### [Task description]
I need the lines below from the one with "real) \<Rightarrow> nat" down to the one with "0\<close> covers the" reproduced exactly, both ends included, and nothing else.

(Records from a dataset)
....
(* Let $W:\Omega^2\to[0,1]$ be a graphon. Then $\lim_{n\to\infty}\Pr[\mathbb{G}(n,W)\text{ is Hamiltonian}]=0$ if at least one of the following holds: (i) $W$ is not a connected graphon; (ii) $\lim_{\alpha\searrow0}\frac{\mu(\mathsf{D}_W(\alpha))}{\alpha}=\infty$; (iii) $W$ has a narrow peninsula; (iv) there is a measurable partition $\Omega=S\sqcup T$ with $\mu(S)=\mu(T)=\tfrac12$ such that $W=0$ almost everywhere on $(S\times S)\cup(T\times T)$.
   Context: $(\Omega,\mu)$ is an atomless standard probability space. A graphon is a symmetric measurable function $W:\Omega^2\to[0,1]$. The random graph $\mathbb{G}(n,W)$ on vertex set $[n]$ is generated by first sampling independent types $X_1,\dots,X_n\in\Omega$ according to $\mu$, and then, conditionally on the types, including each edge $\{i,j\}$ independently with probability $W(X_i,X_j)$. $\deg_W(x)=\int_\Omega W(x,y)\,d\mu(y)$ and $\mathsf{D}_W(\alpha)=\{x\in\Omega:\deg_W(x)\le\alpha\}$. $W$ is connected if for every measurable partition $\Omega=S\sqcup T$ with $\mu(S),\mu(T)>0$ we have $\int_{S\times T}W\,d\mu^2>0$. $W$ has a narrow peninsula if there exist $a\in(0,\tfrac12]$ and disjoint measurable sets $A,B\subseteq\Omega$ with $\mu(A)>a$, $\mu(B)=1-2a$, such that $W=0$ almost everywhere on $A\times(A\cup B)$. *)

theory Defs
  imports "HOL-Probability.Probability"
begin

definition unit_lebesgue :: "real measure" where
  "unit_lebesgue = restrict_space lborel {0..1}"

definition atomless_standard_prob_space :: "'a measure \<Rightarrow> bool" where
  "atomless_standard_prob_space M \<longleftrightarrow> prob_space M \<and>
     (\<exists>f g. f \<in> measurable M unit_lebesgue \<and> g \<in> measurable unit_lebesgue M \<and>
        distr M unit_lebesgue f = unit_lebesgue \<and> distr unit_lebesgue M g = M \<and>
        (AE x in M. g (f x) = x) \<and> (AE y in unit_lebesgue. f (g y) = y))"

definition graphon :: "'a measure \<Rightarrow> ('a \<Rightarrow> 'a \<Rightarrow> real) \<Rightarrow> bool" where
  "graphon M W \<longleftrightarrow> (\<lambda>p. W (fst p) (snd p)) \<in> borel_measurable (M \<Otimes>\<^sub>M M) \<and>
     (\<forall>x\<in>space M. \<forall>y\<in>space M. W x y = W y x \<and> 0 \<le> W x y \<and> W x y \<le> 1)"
....
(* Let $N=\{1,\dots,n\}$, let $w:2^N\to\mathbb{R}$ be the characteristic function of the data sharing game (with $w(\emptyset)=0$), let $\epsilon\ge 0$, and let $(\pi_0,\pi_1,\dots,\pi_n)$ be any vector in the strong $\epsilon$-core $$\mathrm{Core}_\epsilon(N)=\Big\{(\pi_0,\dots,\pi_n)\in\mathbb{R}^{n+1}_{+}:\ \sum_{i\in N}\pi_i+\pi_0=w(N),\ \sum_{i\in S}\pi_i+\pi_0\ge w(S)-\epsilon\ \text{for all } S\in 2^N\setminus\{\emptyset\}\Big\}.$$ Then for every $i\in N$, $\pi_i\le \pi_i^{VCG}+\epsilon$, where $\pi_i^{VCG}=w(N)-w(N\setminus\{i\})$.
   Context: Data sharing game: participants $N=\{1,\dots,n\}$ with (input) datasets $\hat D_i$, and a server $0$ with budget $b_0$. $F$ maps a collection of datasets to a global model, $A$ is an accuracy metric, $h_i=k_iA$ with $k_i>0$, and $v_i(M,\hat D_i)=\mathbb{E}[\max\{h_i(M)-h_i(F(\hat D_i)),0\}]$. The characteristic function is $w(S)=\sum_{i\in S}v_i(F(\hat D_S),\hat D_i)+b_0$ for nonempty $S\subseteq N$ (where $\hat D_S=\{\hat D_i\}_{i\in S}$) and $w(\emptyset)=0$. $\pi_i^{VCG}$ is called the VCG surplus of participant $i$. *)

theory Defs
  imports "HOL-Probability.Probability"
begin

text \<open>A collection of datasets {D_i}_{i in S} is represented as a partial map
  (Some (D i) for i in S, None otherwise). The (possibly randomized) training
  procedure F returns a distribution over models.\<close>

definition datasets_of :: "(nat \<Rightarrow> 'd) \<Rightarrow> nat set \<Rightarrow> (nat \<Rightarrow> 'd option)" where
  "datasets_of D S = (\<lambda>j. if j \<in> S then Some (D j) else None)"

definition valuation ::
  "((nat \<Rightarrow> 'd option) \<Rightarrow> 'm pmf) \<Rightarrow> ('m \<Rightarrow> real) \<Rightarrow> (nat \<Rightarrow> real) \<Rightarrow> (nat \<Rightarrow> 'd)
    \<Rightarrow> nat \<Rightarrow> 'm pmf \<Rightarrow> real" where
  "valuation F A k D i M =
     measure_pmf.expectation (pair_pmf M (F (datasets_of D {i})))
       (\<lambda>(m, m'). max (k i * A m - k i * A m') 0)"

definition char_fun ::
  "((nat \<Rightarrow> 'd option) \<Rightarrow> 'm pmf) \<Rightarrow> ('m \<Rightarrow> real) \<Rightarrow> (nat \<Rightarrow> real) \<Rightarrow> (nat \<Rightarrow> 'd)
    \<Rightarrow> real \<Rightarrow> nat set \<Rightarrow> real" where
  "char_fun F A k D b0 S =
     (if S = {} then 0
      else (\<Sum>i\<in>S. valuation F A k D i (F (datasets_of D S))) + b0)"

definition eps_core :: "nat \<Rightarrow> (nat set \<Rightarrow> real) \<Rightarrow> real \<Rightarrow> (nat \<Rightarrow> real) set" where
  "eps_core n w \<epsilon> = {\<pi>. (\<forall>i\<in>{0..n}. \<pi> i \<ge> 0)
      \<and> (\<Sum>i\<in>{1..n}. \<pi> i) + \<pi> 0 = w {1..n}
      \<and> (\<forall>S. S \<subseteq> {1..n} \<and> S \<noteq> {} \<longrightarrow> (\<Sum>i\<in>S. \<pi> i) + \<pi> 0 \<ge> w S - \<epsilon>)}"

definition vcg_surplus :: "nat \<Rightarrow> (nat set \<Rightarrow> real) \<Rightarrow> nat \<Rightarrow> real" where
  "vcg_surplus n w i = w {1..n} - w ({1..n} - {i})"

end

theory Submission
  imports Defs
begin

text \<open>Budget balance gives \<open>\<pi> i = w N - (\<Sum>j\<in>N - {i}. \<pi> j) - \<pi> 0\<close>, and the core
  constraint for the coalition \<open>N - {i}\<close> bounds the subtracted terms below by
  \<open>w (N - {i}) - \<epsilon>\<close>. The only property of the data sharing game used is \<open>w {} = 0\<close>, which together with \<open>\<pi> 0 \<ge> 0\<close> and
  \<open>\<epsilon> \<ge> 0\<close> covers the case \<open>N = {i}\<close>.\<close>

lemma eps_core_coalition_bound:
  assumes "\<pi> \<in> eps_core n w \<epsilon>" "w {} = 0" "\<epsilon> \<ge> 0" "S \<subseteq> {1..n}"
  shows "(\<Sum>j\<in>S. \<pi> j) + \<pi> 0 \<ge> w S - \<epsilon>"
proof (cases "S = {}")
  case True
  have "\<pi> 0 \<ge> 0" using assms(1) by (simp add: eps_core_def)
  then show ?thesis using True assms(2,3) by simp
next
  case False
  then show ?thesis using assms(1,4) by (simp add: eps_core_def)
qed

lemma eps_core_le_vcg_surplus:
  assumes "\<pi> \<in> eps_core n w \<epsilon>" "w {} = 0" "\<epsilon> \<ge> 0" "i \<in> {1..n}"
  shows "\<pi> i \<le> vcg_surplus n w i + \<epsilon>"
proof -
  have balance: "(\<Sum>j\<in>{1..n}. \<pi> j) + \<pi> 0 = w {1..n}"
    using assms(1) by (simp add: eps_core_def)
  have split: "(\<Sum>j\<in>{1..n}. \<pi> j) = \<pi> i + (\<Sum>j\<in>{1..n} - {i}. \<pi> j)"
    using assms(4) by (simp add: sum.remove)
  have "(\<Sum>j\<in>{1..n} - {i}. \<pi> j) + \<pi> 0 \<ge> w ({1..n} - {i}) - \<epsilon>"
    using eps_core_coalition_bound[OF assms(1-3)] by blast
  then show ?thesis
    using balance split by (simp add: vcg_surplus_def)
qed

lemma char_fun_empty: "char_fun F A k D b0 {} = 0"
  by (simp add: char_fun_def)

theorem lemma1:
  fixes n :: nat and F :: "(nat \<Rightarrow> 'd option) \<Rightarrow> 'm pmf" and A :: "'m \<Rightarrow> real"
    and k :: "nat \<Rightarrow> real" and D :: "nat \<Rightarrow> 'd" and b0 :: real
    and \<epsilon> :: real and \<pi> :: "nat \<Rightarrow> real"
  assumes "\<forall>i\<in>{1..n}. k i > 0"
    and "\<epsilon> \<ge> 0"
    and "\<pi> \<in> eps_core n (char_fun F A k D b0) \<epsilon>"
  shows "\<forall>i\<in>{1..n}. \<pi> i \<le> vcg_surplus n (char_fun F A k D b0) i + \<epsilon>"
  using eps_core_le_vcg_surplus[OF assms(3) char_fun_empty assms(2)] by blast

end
....
### [Solution]
definition vcg_surplus :: "nat \<Rightarrow> (nat set \<Rightarrow> real) \<Rightarrow> nat \<Rightarrow> real" where
  "vcg_surplus n w i = w {1..n} - w ({1..n} - {i})"

end

theory Submission
  imports Defs
begin

text \<open>Budget balance gives \<open>\<pi> i = w N - (\<Sum>j\<in>N - {i}. \<pi> j) - \<pi> 0\<close>, and the core
  constraint for the coalition \<open>N - {i}\<close> bounds the subtracted terms below by
  \<open>w (N - {i}) - \<epsilon>\<close>. The only property of the data sharing game used is \<open>w {} = 0\<close>, which together with \<open>\<pi> 0 \<ge> 0\<close> and
  \<open>\<epsilon> \<ge> 0\<close> covers the case \<open>N = {i}\<close>.\<close>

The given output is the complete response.